§ ASSIGNED TASK
Each line of the records below that holds "auto" should be returned.

§ THE INPUT
========

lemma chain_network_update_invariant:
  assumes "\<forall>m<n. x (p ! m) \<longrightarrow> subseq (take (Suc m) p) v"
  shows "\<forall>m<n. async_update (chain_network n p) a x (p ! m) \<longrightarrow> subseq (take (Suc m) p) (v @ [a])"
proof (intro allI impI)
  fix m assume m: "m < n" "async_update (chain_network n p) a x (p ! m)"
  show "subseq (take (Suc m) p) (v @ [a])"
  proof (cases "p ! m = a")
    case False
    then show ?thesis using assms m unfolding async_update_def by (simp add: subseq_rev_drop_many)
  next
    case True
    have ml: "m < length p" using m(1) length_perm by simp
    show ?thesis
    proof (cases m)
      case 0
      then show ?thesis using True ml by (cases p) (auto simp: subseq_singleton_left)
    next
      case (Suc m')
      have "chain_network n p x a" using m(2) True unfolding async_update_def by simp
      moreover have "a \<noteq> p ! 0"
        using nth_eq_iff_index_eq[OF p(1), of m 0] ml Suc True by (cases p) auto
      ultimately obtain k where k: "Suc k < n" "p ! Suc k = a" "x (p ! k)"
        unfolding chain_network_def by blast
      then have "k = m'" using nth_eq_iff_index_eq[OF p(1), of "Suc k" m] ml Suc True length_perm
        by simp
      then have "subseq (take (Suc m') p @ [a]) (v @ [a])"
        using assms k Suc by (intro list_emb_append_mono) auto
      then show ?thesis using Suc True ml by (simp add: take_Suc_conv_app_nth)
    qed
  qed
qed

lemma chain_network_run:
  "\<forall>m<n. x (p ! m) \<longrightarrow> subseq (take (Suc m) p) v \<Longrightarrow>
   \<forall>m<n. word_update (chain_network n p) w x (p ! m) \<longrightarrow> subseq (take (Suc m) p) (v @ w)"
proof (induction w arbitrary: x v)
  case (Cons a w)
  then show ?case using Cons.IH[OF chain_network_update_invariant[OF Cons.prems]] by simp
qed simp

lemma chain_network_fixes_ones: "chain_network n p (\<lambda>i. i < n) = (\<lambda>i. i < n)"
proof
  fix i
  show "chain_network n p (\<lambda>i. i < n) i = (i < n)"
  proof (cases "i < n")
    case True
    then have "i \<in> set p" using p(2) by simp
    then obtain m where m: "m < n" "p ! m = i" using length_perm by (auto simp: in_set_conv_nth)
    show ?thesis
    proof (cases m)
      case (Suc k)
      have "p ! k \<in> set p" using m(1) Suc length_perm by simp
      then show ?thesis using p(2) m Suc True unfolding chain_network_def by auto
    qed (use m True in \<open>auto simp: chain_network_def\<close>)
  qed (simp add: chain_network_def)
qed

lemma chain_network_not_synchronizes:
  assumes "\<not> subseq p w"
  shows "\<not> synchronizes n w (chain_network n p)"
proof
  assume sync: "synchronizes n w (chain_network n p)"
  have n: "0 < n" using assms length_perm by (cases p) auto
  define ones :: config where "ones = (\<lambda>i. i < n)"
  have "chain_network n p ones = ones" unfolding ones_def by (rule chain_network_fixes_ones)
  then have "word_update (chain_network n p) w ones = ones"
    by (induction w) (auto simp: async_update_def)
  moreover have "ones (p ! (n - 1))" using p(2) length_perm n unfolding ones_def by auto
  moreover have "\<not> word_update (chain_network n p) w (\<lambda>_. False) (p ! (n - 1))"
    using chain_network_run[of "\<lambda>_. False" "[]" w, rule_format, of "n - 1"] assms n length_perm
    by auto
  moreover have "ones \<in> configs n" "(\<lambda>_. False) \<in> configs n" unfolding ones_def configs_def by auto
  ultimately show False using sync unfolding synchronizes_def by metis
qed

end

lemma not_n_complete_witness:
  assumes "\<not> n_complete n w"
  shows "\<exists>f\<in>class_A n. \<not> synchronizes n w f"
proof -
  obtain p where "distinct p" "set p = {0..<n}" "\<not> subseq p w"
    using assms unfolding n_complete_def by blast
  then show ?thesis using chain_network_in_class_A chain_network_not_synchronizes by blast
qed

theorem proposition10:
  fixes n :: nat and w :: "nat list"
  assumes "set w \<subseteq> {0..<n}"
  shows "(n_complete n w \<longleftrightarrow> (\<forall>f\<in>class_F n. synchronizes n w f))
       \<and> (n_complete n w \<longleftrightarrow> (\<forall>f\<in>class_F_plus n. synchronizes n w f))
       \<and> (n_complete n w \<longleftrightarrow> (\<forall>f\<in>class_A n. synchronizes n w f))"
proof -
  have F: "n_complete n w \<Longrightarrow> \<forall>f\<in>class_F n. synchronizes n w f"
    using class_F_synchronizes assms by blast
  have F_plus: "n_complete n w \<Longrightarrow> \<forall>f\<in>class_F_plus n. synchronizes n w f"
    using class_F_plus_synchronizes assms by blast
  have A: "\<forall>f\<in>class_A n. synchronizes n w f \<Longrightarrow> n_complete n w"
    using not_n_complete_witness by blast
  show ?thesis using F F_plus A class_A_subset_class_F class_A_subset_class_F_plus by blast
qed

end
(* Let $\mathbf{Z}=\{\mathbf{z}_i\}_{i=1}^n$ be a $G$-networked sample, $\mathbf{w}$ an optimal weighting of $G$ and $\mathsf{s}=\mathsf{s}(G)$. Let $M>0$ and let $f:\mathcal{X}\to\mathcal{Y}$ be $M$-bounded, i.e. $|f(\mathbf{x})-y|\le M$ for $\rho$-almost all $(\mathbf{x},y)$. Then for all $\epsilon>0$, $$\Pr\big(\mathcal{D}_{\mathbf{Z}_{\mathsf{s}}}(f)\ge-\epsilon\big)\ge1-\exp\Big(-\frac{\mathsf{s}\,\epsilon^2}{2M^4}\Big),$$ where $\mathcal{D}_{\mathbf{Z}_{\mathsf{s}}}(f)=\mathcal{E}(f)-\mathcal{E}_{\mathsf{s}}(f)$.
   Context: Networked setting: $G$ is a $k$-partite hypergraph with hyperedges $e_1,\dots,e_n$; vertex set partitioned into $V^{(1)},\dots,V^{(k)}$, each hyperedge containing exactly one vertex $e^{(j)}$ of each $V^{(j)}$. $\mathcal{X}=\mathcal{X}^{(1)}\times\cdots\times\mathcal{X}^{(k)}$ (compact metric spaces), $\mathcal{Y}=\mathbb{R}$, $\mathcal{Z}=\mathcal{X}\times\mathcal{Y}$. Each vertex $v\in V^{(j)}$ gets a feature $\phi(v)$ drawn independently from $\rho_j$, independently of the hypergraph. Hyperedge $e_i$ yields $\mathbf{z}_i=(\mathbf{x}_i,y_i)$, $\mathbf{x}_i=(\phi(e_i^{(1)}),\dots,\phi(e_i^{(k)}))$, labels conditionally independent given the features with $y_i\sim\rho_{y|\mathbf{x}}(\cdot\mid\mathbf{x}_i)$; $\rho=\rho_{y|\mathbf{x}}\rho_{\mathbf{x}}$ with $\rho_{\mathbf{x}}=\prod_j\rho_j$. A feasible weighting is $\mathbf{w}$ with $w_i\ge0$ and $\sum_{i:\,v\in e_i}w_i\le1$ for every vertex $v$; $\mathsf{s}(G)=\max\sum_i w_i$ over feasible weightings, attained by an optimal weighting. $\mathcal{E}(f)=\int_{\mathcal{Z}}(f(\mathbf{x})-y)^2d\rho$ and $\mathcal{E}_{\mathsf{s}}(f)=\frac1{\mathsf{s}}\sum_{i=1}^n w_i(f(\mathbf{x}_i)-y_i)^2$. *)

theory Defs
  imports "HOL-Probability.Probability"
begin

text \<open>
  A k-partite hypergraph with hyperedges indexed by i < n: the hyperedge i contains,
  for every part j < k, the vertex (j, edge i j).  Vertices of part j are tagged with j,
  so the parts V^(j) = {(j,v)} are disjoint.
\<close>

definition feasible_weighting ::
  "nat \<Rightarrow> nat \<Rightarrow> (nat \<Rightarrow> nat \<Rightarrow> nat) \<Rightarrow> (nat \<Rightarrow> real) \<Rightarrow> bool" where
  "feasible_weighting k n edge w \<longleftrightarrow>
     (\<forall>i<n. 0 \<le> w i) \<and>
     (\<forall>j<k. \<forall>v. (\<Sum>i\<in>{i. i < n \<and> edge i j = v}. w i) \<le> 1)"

========

§ OUTPUT FOR THIS TASK
      then show ?thesis using True ml by (cases p) (auto simp: subseq_singleton_left)
        using nth_eq_iff_index_eq[OF p(1), of m 0] ml Suc True by (cases p) auto
        using assms k Suc by (intro list_emb_append_mono) auto
    then obtain m where m: "m < n" "p ! m = i" using length_perm by (auto simp: in_set_conv_nth)
      then show ?thesis using p(2) m Suc True unfolding chain_network_def by auto
    qed (use m True in \<open>auto simp: chain_network_def\<close>)
  have n: "0 < n" using assms length_perm by (cases p) auto
    by (induction w) (auto simp: async_update_def)
  moreover have "ones (p ! (n - 1))" using p(2) length_perm n unfolding ones_def by auto
    by auto
  moreover have "ones \<in> configs n" "(\<lambda>_. False) \<in> configs n" unfolding ones_def configs_def by auto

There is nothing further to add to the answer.